I am grateful to Elizabeth for her level-headed
semi-defense of the Obama administration. I've done a bit of follow-up reading, via the
Salon article to which she linked and beyond. And I'm willing to simmer down, but only just a very little bit.
The objections I have to the Obama administration's record on gay rights issues is threefold:
1) No progress on Don't Ask Don't Tell (DADT), the Defense of Marriage Act (DOMA) and similar discriminatory federal policies. The President promised the LGBT community that he would be a "fierce advocate" for us on these issues. Nevertheless, gay soldiers who have served honorably in important capacities continue to be
discharged, simply for being openly gay. I believe that DADT is a flagrantly disciminatory policy, and (
pace friend and commenter charo) I think the country
shares that opinion at this point. I don't really think inaction on this point can be attributed to anything other than a lack of will.

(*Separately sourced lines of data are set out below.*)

lemma one_plus_power_minus_one_le:
  fixes x :: real
  assumes "0 \<le> x"
  shows "(1 + x) ^ n - 1 \<le> real n * x * (1 + x) ^ n"
proof (induction n)
  case (Suc n)
  have "1 \<le> (1 + x) ^ Suc n" using assms by (intro one_le_power) simp
  hence "x \<le> x * (1 + x) ^ Suc n" using assms mult_left_mono[of 1 "(1 + x) ^ Suc n" x] by simp
  moreover have "(1 + x) * ((1 + x) ^ n - 1) \<le> (1 + x) * (real n * x * (1 + x) ^ n)"
    using Suc assms by (intro mult_left_mono) auto
  ultimately have "(1 + x) * ((1 + x) ^ n - 1) + x \<le> (1 + x) * (real n * x * (1 + x) ^ n) + x * (1 + x) ^ Suc n"
    by linarith
  thus ?case by (simp add: algebra_simps)
qed simp

lemma exists_small_delta:
  fixes \<epsilon> :: real
  assumes "\<epsilon> > 0"
  shows "\<exists>\<delta>>0. (1 + \<delta>) ^ L - 1 \<le> \<epsilon>"
proof -
  define N where "N = real L * 2 ^ L"
  define \<delta> where "\<delta> = min 1 (\<epsilon> / (N + 1))"
  have N: "N \<ge> 0" unfolding N_def by simp
  have \<delta>: "\<delta> > 0" "\<delta> \<le> 1" "\<delta> \<le> \<epsilon> / (N + 1)"
    unfolding \<delta>_def using assms N by auto
  have "(1 + \<delta>) ^ L - 1 \<le> real L * \<delta> * (1 + \<delta>) ^ L"
    using \<delta> by (intro one_plus_power_minus_one_le) simp
  also have "\<dots> \<le> real L * \<delta> * 2 ^ L"
    using \<delta> by (intro mult_left_mono power_mono) auto
  also have "\<dots> \<le> \<delta> * (N + 1)" using \<delta> unfolding N_def by (simp add: algebra_simps)
  also have "\<dots> \<le> \<epsilon>" using \<delta>(3) N by (simp add: pos_le_divide_eq)
  finally show ?thesis using \<delta> by (intro exI[of _ \<delta>]) auto
qed

lemma solution_count_estimate:
  fixes R :: "('a, 'b) ring_scheme"
  assumes field: "field R" "finite (carrier R)"
    and form: "bilinear_form R d B" "nondegenerate R d B"
    and system: "edge_set k E" "\<forall>i<k. degree_in E i \<le> t" "\<forall>e\<in>E. lam e \<in> carrier R - {\<zero>\<^bsub>R\<^esub>}"
    and C: "C > 0" "(1 + sqrt 2 / C) ^ card E - 1 \<le> \<epsilon>"
    and A: "\<forall>i<k. A i \<subseteq> fvecs R d \<and>
              real (card (A i)) \<ge> C * real (card (carrier R)) powr ((real d - 1) / 2 + real t)"
  shows "\<bar>real (num_solutions R B k E A lam)
            - real (card (carrier R)) powi (- int (card E)) * (\<Prod>i<k. real (card (A i)))\<bar>
          \<le> \<epsilon> * real (card (carrier R)) powi (- int (card E)) * (\<Prod>i<k. real (card (A i)))"
proof -
  have "large_system R d B k E A lam t C"
    unfolding large_system_def large_system_axioms_def constraint_system_def
      constraint_system_axioms_def nondeg_bilinear_space_def nondeg_bilinear_space_axioms_def
    using field form system C A by blast
  then interpret large_system R d B k E A lam t C .
  have powi: "real q powi (- int (card E)) = 1 / real q ^ card E"
    by (simp add: power_int_minus divide_inverse)
  have "\<bar>sol_count E - total / real q ^ card E\<bar> \<le> ((1 + delta) ^ card E - 1) * (total / real q ^ card E)"
    using sol_count_approx[of E] by simp
  also have "\<dots> \<le> \<epsilon> * (total / real q ^ card E)"
    using C total_nonneg q_pos unfolding delta_def by (intro mult_right_mono) auto
  finally show ?thesis
    unfolding num_solutions_eq powi total_def[symmetric] sol_count_def[symmetric] by simp
qed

DOMA will take more work, as will a legislative repeal of DADT. (As opposed to a stop-loss executive order, such as has been used to extend the tours of duty during the Iraq War.) If it were merely a question of prioritizing other legislation (eg. health care reform), I might (
might) be willing to give the Obama administration a pass, or at least a bit more time.
Sadly, it is not merely a case of inaction. What has made me, along with many, many gay people very, very angry, is a brief filed by the Department of Justice in federal court defending DOMA. Which bring us to:
2) The Obama administration didn't have to submit the brief. Now, this opinion is based largely on points made by John Aravosis at
AmericaBlog, and by an
opinion offered there by John Socarides, who used to work in the Clinton administration. To quote briefly:
I was equally troubled by the administration’s explanation that they had no choice but to defend the law. As an attorney and as someone who was directly involved in giving advice on such matters to another president (as a Special Assistant for civil rights to President Bill Clinton), I know that this is untrue.
However, the brilliant Laurence Tribe has defended the administration's filing in an
interview he did with
The Advocate:
Under the traditions of the solicitor general’s office, the government does have an obligation to provide a defense in any lawsuit where there is a plausible argument to be made, even if the president does not agree with the law. There certainly are cases where the government declines to defend the law, but those are few and far between. If congress were to pass a law that flew directly in the face of a binding Supreme Court precedent -- a law outlawing early-term abortion or a law providing for "separate but equal" schools -- the obligation of the Justice Department to the Constitution would trump its obligation to defend the laws of congress.
But DOMA is in a gray area where there are experts like me, who think it’s unconstitutional, and you can find experts who hold the opposite view, and it’s certainly not a slam-dunk.
I may be many things, but dumb enough to think I know the law better than Laurence Tribe is not one of them. Based on what he said, I will give the Obama administration the benefit of the doubt and assume that the filing itself was appropriate. That does not, however, temper my anger at:
3) The content of the
brief (pdf) is appalling.
Now, assuming that the DOJ really had to defend DOMA in the Smelt case, it could have done so simply by arguing that the plaintiffs lacked standing. While the brief does make that point, it doesn't stop there, and proceeds to defend DOMA
on its merits. It argues, in essence, that DOMA is not discriminatory in its intent or effect. For example, there is this:
Moreover, because DOMA protected "the ability of elected officials to decide matters related to homosexuality," including their right to recognize same-sex marriage, it plainly was not born solely as a result of animosity towards homosexuals.
This is plainly absurd on its face. While DOMA may
allow for states to recognize same-sex marriage, its intent was clearly to permit other states to do the opposite. This statement is both obviously wrong and deeply insulting.
Also:
DOMA simply provides, in effect, that as a result of their same-sex marriage they will not become eligible for the set of benefits that Congress has reserved exclusively to those who are related by the bonds of heterosexual marriage.
If someone can explain to me how this is not a flagrant defense of discrimination against same-sex couples, I'm all ears.
The brief is rife with legal points defending DOMA. It is utterly inconsistent with what we would expect from an administration that has pledged to support us. As GLAD's Mary Bonauto (a woman I was honored to work with briefly in support of Maine's marriage equality law)
puts it:
[W]e had a very particular interest in reading how the Obama Department of Justice would tackle the Smelt DOMA challenge in California, even though it does not deal with concrete harms imposed by DOMA. All we knew in advance is that it would be different from the Bush administration's response, and it was. At the same time, some things in this new brief were startling; while others were silly, wrong or offensive or all of the above.
I was very curious to see what Ms. Bonauto (who will not be attending the DNC fundraiser next week) had to say, because she is someone whose opinions I trust, and I consider my objections to the brief to have been validated.
So, while my anger is dimmed ever so slightly, I remain furious about the content of the
Smelt brief, which provides opponents to same-sex marriage with a handy primer of arguments against it. And it will take more than a handful of benefits for gay and lesbian federal employees to make up for it.